By using fraction between 0 to 1, it returns the approximate number of the fraction of the dataset. For example, 0.1 returns 10% of the rows. However, this does not guarantee it returns the exact 10% of the records

In [3]:
# My DataFrame has 100 records and I wanted to get 6% sample records which are 6 but the sample() function returned 7 records. 
# This proves the sample function doesn’t return the exact fraction specified.
df = spark.range(100)
print(df.sample(0.06).collect())

[Row(id=30), Row(id=32), Row(id=65), Row(id=76), Row(id=91), Row(id=97)]


## Using seed to reproduce the same Samples in PySpark

Every time you run a sample() function it returns a different set of sampling records, however sometimes during the development and testing phase you may need to regenerate the same sample every time as you need to compare the results from your previous run. To get consistent same random sampling uses the same slice value for every run. Change slice value to get different results.

In [4]:
print(df.sample(0.1,123).collect())

print(df.sample(0.1,123).collect())

print(df.sample(0.1,456).collect())


[Row(id=35), Row(id=38), Row(id=41), Row(id=45), Row(id=71), Row(id=84), Row(id=87), Row(id=99)]
[Row(id=35), Row(id=38), Row(id=41), Row(id=45), Row(id=71), Row(id=84), Row(id=87), Row(id=99)]
[Row(id=22), Row(id=33), Row(id=35), Row(id=41), Row(id=53), Row(id=80), Row(id=83), Row(id=87), Row(id=92)]

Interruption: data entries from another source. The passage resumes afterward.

(* There exist universal constants $\delta_0 > 0$ and $c > 0$ such that if $\Omega \subset \mathbb{R}^2$ is convex, has area $1$ and satisfies $\mathcal{A}(\Omega) \leq \delta_0$, then $\Omega \subset B$ for some disk $B$ with $$ |B| \leq 1 + c \cdot \mathcal{A}(\Omega)^{1/2}.$$
   Context: The Fraenkel asymmetry of $\Omega$ is $\mathcal{A}(\Omega) = \inf_{B} |B \,\Delta\, \Omega| / |\Omega|$, where the infimum is over all disks $B \subset \mathbb{R}^2$ with $|B| = |\Omega|$ and $B \,\Delta\, \Omega = (B\setminus\Omega)\cup(\Omega\setminus B)$ is the symmetric difference. *)

theory Defs
  imports "HOL-Analysis.Analysis"
begin

text \<open>Disks in the plane (closed; open and closed disks have the same area).\<close>
definition disks :: "(real^2) set set" where
  "disks = {cball x r | x r. r > 0}"

definition fraenkel_asymmetry :: "(real^2) set \<Rightarrow> real" where
  "fraenkel_asymmetry \<Omega> =
     (INF B \<in> {B \<in> disks. measure lebesgue B = measure lebesgue \<Omega>}.
        measure lebesgue ((B - \<Omega>) \<union> (\<Omega> - B)) / measure lebesgue \<Omega>)"

end

theory Submission
  imports Defs
begin

(* Let r be the radius of the disks of area 1 and suppose |cball x r \<Delta> \<Omega>| \<le> d.
   If p \<in> \<Omega> lies at distance r + t from x, then by convexity the homothety with centre p
   and ratio l = t / (2r + t) maps \<Omega> \<inter> cball x r into \<Omega> - ball x r.  Comparing areas,
   l^2 (1 - d/2) \<le> d/2, so l \<le> sqrt d and t \<le> 4 r sqrt d.  Such disks exist for every
   d > A(\<Omega>); letting d decrease to A(\<Omega>), a limit of their centres x satisfies
   \<Omega> \<subseteq> cball x (r (1 + 4 sqrt A(\<Omega>))), a disk of area (1 + 4 sqrt A(\<Omega>))^2 \<le> 1 + 16 sqrt A(\<Omega>). *)

lemma measure_Diff_eq_half_sym_diff:
  assumes A: "A \<in> fmeasurable M" and B: "B \<in> fmeasurable M"
    and eq: "measure M A = measure M B"
  shows "measure M (A - B) = measure M (sym_diff B A) / 2"
proof -
  have "measure M (A - B) = measure M (B - A)"
    using measure_Un2[OF A B] measure_Un2[OF B A] eq by (simp add: Un_commute)
  moreover have "measure M (sym_diff B A) = measure M (B - A) + measure M (A - B)"
    using A B by (intro measure_Un_AE) (auto intro: fmeasurable.Diff)
  ultimately show ?thesis by simp
qed

lemma measure_nonzero_imp_fmeasurable:
  assumes "A \<in> sets M" and "measure M A \<noteq> 0"
  shows "A \<in> fmeasurable M"
  using assms by (metis fmeasurableI infinity_ennreal_def less_top measure_zero_top)

lemma subset_cball_of_tendsto_radius:
  fixes S :: "'a::heine_borel set"
  assumes "S \<noteq> {}" and lim: "f \<longlonglongrightarrow> R" and encl: "\<And>n. S \<subseteq> cball (y n) (f n)"
  shows "\<exists>x. S \<subseteq> cball x R"
proof -
  obtain p0 where p0: "p0 \<in> S" using assms(1) by auto
  obtain K where K: "\<And>n. norm (f n) \<le> K"
    using convergent_imp_bounded[OF lim] by (auto simp: bounded_iff)
  have "dist p0 (y n) \<le> K" for n
    using encl[of n] p0 K[of n] by (force simp: dist_commute)
  then have "bounded (range y)" by (auto simp: bounded_any_center[of _ p0])
  then obtain x \<sigma> where \<sigma>: "strict_mono \<sigma>" and y_lim: "(y \<circ> \<sigma>) \<longlonglongrightarrow> x"
    using bounded_imp_convergent_subsequence by blast
  have "dist x p \<le> R" if "p \<in> S" for p
  proof (rule LIMSEQ_le)
    show "(\<lambda>n. dist ((y \<circ> \<sigma>) n) p) \<longlonglongrightarrow> dist x p" by (intro tendsto_intros y_lim)
    show "(f \<circ> \<sigma>) \<longlonglongrightarrow> R" using LIMSEQ_subseq_LIMSEQ[OF lim \<sigma>] .
    show "\<exists>N. \<forall>n\<ge>N. dist ((y \<circ> \<sigma>) n) p \<le> (f \<circ> \<sigma>) n" using encl that by fastforce
  qed
  then have "S \<subseteq> cball x R" by auto
  then show ?thesis ..
qed

lemma homothety_image_cball_subset_outside_ball:
  fixes \<Omega> :: "'a::real_normed_vector set"
  assumes "convex \<Omega>" and p: "p \<in> \<Omega>" and "0 < \<rho>" and far: "\<rho> < dist x p"
  defines "l \<equiv> (dist x p - \<rho>) / (dist x p + \<rho>)"
    \<comment> \<open>the largest ratio for which the image of cball x \<rho> stays outside ball x \<rho>\<close>
  shows "(\<lambda>q. l *\<^sub>R q + (1 - l) *\<^sub>R p) ` (\<Omega> \<inter> cball x \<rho>) \<subseteq> \<Omega> - ball x \<rho>"
proof (rule image_subsetI)
  fix q assume "q \<in> \<Omega> \<inter> cball x \<rho>"
  then have q: "q \<in> \<Omega>" "dist x q \<le> \<rho>" by auto
  let ?y = "l *\<^sub>R q + (1 - l) *\<^sub>R p"
  have l: "0 < l" "l < 1" using far \<open>0 < \<rho>\<close> by (auto simp: l_def divide_simps)
  have "?y \<in> \<Omega>" using \<open>convex \<Omega>\<close> q p l by (simp add: convex_def)
  have "\<rho> = (1 - l) * dist x p - l * \<rho>"
    using far \<open>0 < \<rho>\<close> by (simp add: l_def divide_simps) (simp add: algebra_simps)
  also have "\<dots> \<le> norm ((1 - l) *\<^sub>R (p - x)) - norm (l *\<^sub>R (q - x))"
    using l q(2) by (simp add: dist_norm norm_minus_commute mult_left_mono)
  also have "\<dots> \<le> norm (?y - x)"
  proof -
    have "(1 - l) *\<^sub>R (p - x) = (?y - x) - l *\<^sub>R (q - x)" by (simp add: algebra_simps)
    then show ?thesis by (metis norm_triangle_ineq4 diff_le_eq)
  qed
  finally show "?y \<in> \<Omega> - ball x \<rho>"
    using \<open>?y \<in> \<Omega>\<close> by (simp add: dist_norm norm_minus_commute)
qed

## Sample withReplacement (May contain duplicates)

Some times you may need to get a random sample with repeated values. By using the value true, results in repeated values.

In [5]:
print(df.sample(True, 0.3, 123).collect()) # with Duplicates


[Row(id=0), Row(id=5), Row(id=9), Row(id=11), Row(id=13), Row(id=16), Row(id=17), Row(id=26), Row(id=26), Row(id=37), Row(id=41), Row(id=45), Row(id=49), Row(id=50), Row(id=50), Row(id=57), Row(id=58), Row(id=58), Row(id=65), Row(id=66), Row(id=71), Row(id=74), Row(id=77), Row(id=80), Row(id=81), Row(id=82), Row(id=84), Row(id=88), Row(id=90), Row(id=91), Row(id=91), Row(id=92), Row(id=94), Row(id=96)]


In [6]:
print(df.sample(0.3, 123).collect()) # No duplicates


[Row(id=0), Row(id=4), Row(id=12), Row(id=15), Row(id=19), Row(id=21), Row(id=23), Row(id=24), Row(id=25), Row(id=28), Row(id=29), Row(id=34), Row(id=35), Row(id=36), Row(id=38), Row(id=41), Row(id=45), Row(id=47), Row(id=50), Row(id=52), Row(id=59), Row(id=63), Row(id=65), Row(id=71), Row(id=82), Row(id=84), Row(id=87), Row(id=94), Row(id=99)]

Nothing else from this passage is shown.